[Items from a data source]
● ● ●
lemma cnm_other_with_same_leaves:
  assumes T: "is_cnm_local n T" and n: "2 \<le> n"
    and inner: "(2, 1) \<notin> column_bottoms T" "(1, 2) \<notin> column_bottoms T"
  shows "\<exists>T'. is_cnm_local n T' \<and> column_bottoms T' = column_bottoms T \<and> T' \<noteq> T"
proof -
  consider "(2, 1) \<notin> T" | "(2, 1) \<in> T" "(1, 2) \<in> T" | "(1, 2) \<notin> T" by blast
  then show ?thesis
  proof cases
    case 1 with cnm_move_vertex1c[OF T n] show ?thesis .
  next
    case 2 with cnm_move_vertex21[OF T _ _ inner] show ?thesis by blast
  next
    case 3
    then have "(2, 1) \<notin> T\<inverse>" by simp
    moreover have "is_cnm_local n (T\<inverse>)" using T by (simp add: is_cnm_local_converse)
    ultimately obtain T' where
      T': "is_cnm_local n T'" "column_bottoms T' = column_bottoms (T\<inverse>)" "T' \<noteq> T\<inverse>"
      using cnm_move_vertex1c n by blast
    have "column_bottoms (T'\<inverse>) = column_bottoms T"
      using column_bottoms_converse[OF T'(1)] T'(2) column_bottoms_converse[OF T] by simp
    moreover have "T'\<inverse> \<noteq> T" using T'(3) by auto
    ultimately show ?thesis using T'(1) is_cnm_local_converse by blast
  qed
qed

section \<open>Counting the leaf matrices with a unique CNM\<close>

definition unique_leaf_matrices :: "nat \<Rightarrow> (nat \<times> nat) set set" where
  "unique_leaf_matrices n = {P. \<exists>!T. is_cnm_local n T \<and> column_bottoms T = P}"

definition add_leaf12 :: "(nat \<times> nat) set \<Rightarrow> (nat \<times> nat) set" where
  "add_leaf12 P = (add_leaf21 (P\<inverse>))\<inverse>"

lemma unique_leaf_matrices_eq:
  "{P. is_perm_matrix n P \<and> (\<exists>!T. is_cnm n T \<and> leaf_matrix T = P)} = unique_leaf_matrices n"
  unfolding unique_leaf_matrices_def
proof (rule Collect_cong)
  fix P
  have "(is_cnm n T \<and> leaf_matrix T = P) \<longleftrightarrow> (is_cnm_local n T \<and> column_bottoms T = P)" for T
  proof (cases "is_cnm_local n T")
    case True then show ?thesis by (simp add: is_cnm_iff_local leaf_matrix_eq_column_bottoms)
  qed (simp add: is_cnm_iff_local)
  then have "(\<exists>!T. is_cnm n T \<and> leaf_matrix T = P) \<longleftrightarrow> (\<exists>!T. is_cnm_local n T \<and> column_bottoms T = P)"
    by presburger
  moreover have "is_perm_matrix n P" if "\<exists>!T. is_cnm_local n T \<and> column_bottoms T = P"
  proof -
    from that obtain T where "is_cnm_local n T" "column_bottoms T = P" by (elim ex1E) blast
    then show ?thesis by (metis is_perm_matrix_column_bottoms)
  qed
  ultimately show "(is_perm_matrix n P \<and> (\<exists>!T. is_cnm n T \<and> leaf_matrix T = P)) \<longleftrightarrow>
      (\<exists>!T. is_cnm_local n T \<and> column_bottoms T = P)" by argo
qed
● ● ●
- _Exercise details_:
Begin at the first line of the records above and restate each line word for word, stopping after the line with "qed (simp add: is_cnm_iff_local)".

- _Answer section_:
lemma cnm_other_with_same_leaves:
  assumes T: "is_cnm_local n T" and n: "2 \<le> n"
    and inner: "(2, 1) \<notin> column_bottoms T" "(1, 2) \<notin> column_bottoms T"
  shows "\<exists>T'. is_cnm_local n T' \<and> column_bottoms T' = column_bottoms T \<and> T' \<noteq> T"
proof -
  consider "(2, 1) \<notin> T" | "(2, 1) \<in> T" "(1, 2) \<in> T" | "(1, 2) \<notin> T" by blast
  then show ?thesis
  proof cases
    case 1 with cnm_move_vertex1c[OF T n] show ?thesis .
  next
    case 2 with cnm_move_vertex21[OF T _ _ inner] show ?thesis by blast
  next
    case 3
    then have "(2, 1) \<notin> T\<inverse>" by simp
    moreover have "is_cnm_local n (T\<inverse>)" using T by (simp add: is_cnm_local_converse)
    ultimately obtain T' where
      T': "is_cnm_local n T'" "column_bottoms T' = column_bottoms (T\<inverse>)" "T' \<noteq> T\<inverse>"
      using cnm_move_vertex1c n by blast
    have "column_bottoms (T'\<inverse>) = column_bottoms T"
      using column_bottoms_converse[OF T'(1)] T'(2) column_bottoms_converse[OF T] by simp
    moreover have "T'\<inverse> \<noteq> T" using T'(3) by auto
    ultimately show ?thesis using T'(1) is_cnm_local_converse by blast
  qed
qed

section \<open>Counting the leaf matrices with a unique CNM\<close>

definition unique_leaf_matrices :: "nat \<Rightarrow> (nat \<times> nat) set set" where
  "unique_leaf_matrices n = {P. \<exists>!T. is_cnm_local n T \<and> column_bottoms T = P}"

definition add_leaf12 :: "(nat \<times> nat) set \<Rightarrow> (nat \<times> nat) set" where
  "add_leaf12 P = (add_leaf21 (P\<inverse>))\<inverse>"

lemma unique_leaf_matrices_eq:
  "{P. is_perm_matrix n P \<and> (\<exists>!T. is_cnm n T \<and> leaf_matrix T = P)} = unique_leaf_matrices n"
  unfolding unique_leaf_matrices_def
proof (rule Collect_cong)
  fix P
  have "(is_cnm n T \<and> leaf_matrix T = P) \<longleftrightarrow> (is_cnm_local n T \<and> column_bottoms T = P)" for T
  proof (cases "is_cnm_local n T")
    case True then show ?thesis by (simp add: is_cnm_iff_local leaf_matrix_eq_column_bottoms)
  qed (simp add: is_cnm_iff_local)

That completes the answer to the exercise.